DATA PROVIDED: Begin
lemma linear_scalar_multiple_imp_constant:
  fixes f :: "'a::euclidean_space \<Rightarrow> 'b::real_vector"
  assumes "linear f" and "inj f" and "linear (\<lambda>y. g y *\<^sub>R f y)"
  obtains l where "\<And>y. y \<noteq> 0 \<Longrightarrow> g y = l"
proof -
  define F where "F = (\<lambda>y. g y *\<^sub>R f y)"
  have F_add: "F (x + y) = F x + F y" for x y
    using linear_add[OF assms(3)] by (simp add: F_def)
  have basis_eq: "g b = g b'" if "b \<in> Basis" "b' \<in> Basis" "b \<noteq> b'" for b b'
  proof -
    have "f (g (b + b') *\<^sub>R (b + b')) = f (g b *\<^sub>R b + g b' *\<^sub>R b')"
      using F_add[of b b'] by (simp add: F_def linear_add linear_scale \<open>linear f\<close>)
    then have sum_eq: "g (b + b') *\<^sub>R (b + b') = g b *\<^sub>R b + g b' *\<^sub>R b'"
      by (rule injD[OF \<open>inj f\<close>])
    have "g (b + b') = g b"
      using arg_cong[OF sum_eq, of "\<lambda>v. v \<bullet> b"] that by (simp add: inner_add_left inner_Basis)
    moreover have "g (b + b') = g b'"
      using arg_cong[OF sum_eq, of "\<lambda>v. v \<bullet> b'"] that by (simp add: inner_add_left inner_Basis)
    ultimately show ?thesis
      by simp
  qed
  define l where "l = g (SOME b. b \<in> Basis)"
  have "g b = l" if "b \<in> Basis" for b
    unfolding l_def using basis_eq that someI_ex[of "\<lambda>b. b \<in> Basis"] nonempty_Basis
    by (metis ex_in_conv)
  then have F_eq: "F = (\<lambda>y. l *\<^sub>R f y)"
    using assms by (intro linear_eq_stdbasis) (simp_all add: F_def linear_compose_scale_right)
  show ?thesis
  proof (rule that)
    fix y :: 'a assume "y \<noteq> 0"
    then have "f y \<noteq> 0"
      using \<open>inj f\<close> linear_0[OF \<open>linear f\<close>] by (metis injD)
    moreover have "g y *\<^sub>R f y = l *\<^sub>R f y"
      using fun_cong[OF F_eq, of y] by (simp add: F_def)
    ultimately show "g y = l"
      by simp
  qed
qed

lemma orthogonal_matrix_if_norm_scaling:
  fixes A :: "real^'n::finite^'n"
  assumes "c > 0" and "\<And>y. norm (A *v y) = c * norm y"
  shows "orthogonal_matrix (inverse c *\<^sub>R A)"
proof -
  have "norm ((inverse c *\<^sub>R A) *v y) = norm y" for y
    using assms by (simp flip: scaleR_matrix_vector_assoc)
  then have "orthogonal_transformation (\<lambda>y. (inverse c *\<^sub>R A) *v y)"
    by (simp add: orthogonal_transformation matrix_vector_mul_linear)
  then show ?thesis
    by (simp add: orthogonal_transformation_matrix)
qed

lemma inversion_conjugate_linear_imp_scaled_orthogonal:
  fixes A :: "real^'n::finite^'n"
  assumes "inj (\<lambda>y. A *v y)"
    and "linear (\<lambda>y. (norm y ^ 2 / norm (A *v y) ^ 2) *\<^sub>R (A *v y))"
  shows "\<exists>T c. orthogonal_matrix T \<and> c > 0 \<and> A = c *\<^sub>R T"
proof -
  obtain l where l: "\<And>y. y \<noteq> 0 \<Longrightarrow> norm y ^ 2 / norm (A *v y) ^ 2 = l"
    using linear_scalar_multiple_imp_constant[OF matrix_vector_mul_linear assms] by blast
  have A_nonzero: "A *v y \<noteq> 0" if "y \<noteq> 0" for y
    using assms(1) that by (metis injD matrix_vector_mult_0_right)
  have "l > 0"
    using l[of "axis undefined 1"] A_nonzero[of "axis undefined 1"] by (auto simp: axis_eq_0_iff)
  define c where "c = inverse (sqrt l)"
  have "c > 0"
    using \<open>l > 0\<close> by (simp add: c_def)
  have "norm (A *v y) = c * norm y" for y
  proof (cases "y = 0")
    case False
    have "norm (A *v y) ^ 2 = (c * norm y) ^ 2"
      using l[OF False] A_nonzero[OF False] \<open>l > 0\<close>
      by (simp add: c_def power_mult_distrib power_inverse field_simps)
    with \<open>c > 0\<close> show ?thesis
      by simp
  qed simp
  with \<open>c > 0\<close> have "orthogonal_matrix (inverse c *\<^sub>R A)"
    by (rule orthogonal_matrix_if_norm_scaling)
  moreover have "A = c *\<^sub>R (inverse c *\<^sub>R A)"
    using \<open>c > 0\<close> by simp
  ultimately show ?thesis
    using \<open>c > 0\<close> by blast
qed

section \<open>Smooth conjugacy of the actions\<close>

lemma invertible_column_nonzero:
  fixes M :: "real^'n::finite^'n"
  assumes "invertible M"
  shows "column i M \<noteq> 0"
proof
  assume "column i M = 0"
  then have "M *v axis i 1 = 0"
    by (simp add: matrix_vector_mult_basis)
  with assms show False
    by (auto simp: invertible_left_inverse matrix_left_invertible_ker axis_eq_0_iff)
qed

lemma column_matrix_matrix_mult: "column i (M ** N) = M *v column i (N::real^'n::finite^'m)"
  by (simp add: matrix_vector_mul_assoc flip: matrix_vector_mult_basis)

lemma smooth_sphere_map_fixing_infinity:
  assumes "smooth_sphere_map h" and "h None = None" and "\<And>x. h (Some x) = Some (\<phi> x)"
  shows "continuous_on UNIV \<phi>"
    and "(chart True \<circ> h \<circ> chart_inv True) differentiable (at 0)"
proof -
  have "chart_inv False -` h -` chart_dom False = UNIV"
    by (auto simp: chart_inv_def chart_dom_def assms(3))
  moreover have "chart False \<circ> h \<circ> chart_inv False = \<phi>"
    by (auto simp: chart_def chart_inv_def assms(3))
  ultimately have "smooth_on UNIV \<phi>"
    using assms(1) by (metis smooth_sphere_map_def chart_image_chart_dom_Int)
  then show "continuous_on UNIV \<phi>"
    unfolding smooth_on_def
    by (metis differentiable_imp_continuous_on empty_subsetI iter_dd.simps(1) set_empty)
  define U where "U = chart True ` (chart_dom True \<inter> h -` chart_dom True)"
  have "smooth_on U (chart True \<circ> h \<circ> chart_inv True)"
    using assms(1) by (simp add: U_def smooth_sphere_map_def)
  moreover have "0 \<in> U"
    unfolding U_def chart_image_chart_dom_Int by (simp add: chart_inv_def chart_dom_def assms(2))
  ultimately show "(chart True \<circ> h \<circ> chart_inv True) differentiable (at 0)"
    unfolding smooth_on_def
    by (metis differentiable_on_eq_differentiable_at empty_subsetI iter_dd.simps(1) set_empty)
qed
DATA PROVIDED: End
DATA PROVIDED: Begin
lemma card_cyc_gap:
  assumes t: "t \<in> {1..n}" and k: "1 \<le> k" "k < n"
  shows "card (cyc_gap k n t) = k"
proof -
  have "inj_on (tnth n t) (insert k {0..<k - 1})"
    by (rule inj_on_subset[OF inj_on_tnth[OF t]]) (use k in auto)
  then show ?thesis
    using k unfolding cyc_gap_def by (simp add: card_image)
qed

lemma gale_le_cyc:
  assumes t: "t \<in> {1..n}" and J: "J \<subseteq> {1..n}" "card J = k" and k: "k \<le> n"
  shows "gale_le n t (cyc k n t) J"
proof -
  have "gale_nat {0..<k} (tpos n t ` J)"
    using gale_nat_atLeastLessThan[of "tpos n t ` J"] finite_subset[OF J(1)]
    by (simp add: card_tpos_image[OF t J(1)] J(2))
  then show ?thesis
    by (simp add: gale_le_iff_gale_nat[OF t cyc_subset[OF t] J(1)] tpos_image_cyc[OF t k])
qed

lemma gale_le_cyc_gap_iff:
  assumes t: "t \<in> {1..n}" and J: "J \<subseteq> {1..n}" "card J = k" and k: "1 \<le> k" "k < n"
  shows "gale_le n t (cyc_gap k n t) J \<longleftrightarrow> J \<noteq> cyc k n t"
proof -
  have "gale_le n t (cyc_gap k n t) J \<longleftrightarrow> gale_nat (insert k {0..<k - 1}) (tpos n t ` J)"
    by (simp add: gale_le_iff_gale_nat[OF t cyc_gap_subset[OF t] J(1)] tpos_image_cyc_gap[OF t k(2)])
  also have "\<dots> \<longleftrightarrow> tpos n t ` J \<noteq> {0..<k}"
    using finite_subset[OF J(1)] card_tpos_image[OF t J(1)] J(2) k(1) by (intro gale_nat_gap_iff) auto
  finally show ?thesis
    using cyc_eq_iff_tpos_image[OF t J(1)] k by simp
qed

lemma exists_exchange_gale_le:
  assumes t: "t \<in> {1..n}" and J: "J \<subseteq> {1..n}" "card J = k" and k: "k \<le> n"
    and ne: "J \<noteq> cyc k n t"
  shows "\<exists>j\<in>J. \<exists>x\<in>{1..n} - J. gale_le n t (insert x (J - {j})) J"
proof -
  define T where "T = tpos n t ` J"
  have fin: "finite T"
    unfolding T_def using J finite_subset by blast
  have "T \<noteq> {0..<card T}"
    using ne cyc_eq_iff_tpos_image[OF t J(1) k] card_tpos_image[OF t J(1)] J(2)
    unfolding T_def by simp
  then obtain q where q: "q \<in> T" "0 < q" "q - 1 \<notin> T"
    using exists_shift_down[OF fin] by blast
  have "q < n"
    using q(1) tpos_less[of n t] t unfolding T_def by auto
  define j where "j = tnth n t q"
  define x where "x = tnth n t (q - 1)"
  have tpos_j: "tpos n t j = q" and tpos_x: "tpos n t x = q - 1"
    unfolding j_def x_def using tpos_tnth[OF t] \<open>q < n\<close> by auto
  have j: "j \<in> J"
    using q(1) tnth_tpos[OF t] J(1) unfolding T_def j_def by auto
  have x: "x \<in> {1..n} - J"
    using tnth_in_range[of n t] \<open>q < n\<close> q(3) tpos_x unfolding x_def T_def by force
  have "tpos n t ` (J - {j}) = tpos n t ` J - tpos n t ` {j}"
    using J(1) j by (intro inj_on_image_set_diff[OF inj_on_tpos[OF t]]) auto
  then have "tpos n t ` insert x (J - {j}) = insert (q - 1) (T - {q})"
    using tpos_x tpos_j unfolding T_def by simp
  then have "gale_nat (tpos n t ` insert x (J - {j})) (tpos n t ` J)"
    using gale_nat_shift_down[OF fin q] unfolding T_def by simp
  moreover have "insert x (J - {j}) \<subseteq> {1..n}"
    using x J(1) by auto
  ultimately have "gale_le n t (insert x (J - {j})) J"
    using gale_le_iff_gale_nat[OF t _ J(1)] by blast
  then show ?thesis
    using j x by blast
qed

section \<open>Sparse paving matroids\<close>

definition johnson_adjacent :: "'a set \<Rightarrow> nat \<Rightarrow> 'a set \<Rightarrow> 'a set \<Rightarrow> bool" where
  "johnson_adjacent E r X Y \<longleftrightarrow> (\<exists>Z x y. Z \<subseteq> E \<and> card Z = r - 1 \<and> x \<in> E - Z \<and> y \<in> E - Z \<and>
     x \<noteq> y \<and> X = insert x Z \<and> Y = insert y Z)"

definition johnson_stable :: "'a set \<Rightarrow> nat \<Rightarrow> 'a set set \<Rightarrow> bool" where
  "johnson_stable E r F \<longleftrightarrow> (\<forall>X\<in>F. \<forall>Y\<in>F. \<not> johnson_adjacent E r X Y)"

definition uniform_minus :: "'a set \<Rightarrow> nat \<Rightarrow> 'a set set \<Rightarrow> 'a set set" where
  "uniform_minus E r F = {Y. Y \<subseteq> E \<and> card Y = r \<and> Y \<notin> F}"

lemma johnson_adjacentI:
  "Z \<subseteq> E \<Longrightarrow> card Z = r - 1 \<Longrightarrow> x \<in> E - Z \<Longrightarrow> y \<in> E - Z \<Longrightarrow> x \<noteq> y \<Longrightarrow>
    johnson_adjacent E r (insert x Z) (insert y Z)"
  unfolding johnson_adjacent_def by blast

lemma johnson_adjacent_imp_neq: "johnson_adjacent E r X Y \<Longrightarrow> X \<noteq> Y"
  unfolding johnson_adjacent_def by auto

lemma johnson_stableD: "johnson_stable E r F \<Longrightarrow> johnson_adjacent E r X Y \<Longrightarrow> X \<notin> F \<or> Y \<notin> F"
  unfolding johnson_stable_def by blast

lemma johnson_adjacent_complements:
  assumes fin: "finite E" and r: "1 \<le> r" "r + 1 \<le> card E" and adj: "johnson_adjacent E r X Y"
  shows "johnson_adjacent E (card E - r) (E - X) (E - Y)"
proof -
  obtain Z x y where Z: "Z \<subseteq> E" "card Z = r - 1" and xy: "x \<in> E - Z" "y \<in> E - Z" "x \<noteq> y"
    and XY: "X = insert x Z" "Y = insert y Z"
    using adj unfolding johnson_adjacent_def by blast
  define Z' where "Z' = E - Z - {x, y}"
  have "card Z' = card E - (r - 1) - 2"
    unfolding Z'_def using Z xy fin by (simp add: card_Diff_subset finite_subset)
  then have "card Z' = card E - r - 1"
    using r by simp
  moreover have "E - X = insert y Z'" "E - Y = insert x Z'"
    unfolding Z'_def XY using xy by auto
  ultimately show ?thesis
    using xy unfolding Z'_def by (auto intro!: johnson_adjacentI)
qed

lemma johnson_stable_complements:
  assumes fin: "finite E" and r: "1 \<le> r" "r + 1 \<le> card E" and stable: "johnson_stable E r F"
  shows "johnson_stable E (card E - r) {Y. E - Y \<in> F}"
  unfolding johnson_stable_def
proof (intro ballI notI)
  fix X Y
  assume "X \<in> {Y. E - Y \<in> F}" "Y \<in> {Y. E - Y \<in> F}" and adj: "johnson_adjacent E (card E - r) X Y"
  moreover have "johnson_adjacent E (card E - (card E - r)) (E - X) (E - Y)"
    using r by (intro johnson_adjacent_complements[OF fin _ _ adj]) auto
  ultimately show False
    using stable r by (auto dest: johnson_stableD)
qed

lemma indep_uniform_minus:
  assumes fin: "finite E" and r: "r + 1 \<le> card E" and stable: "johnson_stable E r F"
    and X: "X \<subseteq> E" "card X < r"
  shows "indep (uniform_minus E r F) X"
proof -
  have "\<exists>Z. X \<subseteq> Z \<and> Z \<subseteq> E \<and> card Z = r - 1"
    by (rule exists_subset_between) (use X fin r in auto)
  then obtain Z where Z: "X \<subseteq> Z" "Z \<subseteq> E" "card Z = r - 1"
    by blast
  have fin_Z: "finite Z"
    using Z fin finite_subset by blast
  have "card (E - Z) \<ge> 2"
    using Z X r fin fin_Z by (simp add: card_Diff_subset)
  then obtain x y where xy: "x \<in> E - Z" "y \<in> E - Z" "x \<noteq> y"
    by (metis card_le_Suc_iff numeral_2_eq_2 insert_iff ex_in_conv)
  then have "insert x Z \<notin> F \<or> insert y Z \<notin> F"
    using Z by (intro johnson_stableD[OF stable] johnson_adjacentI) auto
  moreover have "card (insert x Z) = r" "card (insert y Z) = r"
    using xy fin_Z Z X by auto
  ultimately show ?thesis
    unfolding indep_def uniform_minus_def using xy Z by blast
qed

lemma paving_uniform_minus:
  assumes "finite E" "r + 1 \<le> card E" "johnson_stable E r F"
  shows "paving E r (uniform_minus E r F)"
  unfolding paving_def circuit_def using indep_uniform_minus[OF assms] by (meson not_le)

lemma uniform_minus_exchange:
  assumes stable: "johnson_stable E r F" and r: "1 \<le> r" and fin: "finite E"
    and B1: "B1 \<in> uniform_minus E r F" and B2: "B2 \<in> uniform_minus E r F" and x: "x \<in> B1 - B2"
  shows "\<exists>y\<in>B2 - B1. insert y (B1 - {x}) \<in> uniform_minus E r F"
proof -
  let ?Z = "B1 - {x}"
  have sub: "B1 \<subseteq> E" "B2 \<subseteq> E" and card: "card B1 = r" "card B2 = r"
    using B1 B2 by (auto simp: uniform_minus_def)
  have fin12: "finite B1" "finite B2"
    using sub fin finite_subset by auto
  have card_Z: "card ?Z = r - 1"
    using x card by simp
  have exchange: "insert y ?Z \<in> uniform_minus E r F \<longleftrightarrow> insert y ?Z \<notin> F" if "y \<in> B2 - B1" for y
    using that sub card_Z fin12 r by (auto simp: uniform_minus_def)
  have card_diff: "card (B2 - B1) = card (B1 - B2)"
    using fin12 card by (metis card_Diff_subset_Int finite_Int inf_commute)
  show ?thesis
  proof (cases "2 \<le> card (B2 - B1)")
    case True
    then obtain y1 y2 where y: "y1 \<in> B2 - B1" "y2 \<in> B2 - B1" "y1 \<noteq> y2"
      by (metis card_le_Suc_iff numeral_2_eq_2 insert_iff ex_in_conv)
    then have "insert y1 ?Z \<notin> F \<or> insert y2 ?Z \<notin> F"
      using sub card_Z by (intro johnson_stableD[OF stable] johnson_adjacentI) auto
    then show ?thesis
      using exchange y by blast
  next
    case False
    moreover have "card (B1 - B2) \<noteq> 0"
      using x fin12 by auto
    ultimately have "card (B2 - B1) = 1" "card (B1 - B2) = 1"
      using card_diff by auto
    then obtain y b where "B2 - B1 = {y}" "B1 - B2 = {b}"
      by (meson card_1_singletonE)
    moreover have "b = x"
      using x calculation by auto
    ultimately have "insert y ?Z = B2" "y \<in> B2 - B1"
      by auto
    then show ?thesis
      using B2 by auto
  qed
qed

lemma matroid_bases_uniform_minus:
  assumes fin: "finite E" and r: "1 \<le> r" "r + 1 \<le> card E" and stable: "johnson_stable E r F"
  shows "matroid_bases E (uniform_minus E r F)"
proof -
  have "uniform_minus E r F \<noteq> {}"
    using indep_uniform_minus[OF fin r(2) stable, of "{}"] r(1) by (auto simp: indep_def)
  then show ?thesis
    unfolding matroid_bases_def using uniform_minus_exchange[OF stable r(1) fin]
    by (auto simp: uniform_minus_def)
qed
DATA PROVIDED: End
DATA PROVIDED: Begin
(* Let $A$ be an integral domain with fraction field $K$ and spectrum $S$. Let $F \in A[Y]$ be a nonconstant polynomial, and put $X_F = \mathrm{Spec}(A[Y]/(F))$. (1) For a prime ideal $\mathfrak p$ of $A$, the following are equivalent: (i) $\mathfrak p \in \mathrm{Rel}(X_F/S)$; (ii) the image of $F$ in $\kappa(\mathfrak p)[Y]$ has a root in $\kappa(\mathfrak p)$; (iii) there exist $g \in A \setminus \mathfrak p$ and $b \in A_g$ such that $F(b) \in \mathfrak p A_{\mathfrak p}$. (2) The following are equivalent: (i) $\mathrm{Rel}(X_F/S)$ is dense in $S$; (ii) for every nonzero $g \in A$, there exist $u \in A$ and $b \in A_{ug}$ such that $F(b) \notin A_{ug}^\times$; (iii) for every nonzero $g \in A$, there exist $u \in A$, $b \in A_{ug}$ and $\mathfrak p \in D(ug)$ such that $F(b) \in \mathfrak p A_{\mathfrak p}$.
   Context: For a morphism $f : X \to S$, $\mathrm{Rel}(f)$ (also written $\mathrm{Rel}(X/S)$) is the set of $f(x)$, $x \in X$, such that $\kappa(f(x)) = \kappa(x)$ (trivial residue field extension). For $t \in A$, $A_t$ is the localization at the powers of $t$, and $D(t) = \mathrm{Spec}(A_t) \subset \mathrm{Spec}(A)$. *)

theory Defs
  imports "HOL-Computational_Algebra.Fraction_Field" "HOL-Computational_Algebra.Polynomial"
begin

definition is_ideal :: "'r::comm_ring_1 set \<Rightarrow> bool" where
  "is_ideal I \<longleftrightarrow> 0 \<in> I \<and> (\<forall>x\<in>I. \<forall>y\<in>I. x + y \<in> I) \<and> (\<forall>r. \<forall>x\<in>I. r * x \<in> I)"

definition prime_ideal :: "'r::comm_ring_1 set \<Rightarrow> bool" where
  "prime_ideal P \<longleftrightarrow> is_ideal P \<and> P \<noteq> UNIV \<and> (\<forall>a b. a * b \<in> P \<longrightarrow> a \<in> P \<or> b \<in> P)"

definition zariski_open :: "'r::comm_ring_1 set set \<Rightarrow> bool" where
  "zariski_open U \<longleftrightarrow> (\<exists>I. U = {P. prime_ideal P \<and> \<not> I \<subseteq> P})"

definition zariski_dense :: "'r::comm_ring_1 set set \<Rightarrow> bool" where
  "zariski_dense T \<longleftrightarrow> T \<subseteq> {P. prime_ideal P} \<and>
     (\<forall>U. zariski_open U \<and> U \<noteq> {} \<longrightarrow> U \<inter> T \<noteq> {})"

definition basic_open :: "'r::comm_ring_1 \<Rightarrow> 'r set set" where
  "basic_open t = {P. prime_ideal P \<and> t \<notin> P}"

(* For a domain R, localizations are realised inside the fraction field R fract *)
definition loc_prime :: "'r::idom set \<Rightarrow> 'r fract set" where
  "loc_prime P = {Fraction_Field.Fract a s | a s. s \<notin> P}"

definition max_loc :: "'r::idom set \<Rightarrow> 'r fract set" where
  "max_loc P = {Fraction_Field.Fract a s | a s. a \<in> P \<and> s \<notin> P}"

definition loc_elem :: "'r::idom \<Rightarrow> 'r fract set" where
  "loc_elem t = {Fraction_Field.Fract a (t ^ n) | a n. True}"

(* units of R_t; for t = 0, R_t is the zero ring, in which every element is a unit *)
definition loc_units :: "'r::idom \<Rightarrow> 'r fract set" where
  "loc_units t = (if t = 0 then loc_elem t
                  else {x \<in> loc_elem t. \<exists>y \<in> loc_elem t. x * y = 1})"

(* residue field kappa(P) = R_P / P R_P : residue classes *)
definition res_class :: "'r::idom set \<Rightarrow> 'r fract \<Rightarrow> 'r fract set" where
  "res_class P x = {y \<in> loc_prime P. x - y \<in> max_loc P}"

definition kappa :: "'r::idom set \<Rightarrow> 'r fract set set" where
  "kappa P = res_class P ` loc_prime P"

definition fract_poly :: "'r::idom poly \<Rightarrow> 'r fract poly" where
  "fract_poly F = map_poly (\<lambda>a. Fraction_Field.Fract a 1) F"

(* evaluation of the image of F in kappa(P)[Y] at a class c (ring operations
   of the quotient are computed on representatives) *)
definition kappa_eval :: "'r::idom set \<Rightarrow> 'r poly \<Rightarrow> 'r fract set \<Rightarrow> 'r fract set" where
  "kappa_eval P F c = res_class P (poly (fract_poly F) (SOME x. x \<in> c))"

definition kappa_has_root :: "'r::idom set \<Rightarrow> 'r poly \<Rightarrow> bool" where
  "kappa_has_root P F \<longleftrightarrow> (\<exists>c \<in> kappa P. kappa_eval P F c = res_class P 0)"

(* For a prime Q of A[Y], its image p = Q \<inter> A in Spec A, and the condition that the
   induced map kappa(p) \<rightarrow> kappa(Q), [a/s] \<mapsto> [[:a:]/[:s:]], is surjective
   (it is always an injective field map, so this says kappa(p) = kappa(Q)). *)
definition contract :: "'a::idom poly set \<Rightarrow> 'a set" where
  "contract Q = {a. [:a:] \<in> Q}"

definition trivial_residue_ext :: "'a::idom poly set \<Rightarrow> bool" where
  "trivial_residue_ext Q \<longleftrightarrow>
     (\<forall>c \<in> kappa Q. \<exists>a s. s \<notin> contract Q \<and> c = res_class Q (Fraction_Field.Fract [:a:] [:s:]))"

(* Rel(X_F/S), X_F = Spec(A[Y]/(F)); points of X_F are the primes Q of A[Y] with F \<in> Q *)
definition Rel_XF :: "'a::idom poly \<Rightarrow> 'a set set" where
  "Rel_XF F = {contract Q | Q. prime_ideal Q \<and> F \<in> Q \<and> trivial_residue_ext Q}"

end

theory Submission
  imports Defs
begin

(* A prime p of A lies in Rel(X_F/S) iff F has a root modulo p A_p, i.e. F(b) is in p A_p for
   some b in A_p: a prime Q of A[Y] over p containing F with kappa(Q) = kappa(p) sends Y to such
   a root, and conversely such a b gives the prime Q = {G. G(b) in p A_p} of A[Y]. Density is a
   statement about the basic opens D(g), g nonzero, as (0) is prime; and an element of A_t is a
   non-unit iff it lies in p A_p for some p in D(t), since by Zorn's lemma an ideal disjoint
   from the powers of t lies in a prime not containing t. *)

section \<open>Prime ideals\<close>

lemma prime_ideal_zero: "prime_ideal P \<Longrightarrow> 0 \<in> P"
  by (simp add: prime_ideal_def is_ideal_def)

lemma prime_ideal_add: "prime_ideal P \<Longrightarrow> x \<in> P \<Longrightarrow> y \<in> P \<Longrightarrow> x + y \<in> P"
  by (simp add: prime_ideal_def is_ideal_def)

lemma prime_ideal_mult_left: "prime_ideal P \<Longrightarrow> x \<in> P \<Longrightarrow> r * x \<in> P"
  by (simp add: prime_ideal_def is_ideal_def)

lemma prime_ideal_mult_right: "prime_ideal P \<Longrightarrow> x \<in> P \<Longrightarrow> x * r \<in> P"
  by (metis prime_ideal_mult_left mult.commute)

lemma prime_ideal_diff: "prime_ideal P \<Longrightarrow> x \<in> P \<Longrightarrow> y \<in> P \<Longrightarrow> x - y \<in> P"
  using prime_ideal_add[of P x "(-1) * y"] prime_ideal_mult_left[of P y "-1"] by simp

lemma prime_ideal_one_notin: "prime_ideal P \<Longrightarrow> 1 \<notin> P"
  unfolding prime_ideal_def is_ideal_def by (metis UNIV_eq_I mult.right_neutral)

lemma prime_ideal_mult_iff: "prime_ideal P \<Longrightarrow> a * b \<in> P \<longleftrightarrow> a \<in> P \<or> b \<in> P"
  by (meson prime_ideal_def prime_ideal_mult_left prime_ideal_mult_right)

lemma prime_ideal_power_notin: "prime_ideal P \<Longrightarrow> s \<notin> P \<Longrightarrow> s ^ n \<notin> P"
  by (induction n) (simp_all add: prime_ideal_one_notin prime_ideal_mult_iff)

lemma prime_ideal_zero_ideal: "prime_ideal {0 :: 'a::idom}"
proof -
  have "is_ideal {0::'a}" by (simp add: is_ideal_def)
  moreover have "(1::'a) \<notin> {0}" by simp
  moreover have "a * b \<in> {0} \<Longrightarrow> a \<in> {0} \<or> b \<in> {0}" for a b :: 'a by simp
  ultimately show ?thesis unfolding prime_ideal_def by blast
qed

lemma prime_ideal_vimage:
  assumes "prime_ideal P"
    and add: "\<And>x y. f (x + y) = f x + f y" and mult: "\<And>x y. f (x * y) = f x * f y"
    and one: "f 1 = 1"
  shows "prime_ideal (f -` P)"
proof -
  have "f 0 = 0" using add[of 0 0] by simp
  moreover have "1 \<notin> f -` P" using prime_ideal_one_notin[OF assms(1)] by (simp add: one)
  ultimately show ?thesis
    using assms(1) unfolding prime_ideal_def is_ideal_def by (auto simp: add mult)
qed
DATA PROVIDED: End
> [THE TASK] Could you reproduce exactly the lines of the entries above, from the one with "unfolding l_def using" through the one with "using assms by (simp", and nothing else?

> [RESPONSE FOR THIS EXERCISE]
    unfolding l_def using basis_eq that someI_ex[of "\<lambda>b. b \<in> Basis"] nonempty_Basis
    by (metis ex_in_conv)
  then have F_eq: "F = (\<lambda>y. l *\<^sub>R f y)"
    using assms by (intro linear_eq_stdbasis) (simp_all add: F_def linear_compose_scale_right)
  show ?thesis
  proof (rule that)
    fix y :: 'a assume "y \<noteq> 0"
    then have "f y \<noteq> 0"
      using \<open>inj f\<close> linear_0[OF \<open>linear f\<close>] by (metis injD)
    moreover have "g y *\<^sub>R f y = l *\<^sub>R f y"
      using fun_cong[OF F_eq, of y] by (simp add: F_def)
    ultimately show "g y = l"
      by simp
  qed
qed

lemma orthogonal_matrix_if_norm_scaling:
  fixes A :: "real^'n::finite^'n"
  assumes "c > 0" and "\<And>y. norm (A *v y) = c * norm y"
  shows "orthogonal_matrix (inverse c *\<^sub>R A)"
proof -
  have "norm ((inverse c *\<^sub>R A) *v y) = norm y" for y
    using assms by (simp flip: scaleR_matrix_vector_assoc)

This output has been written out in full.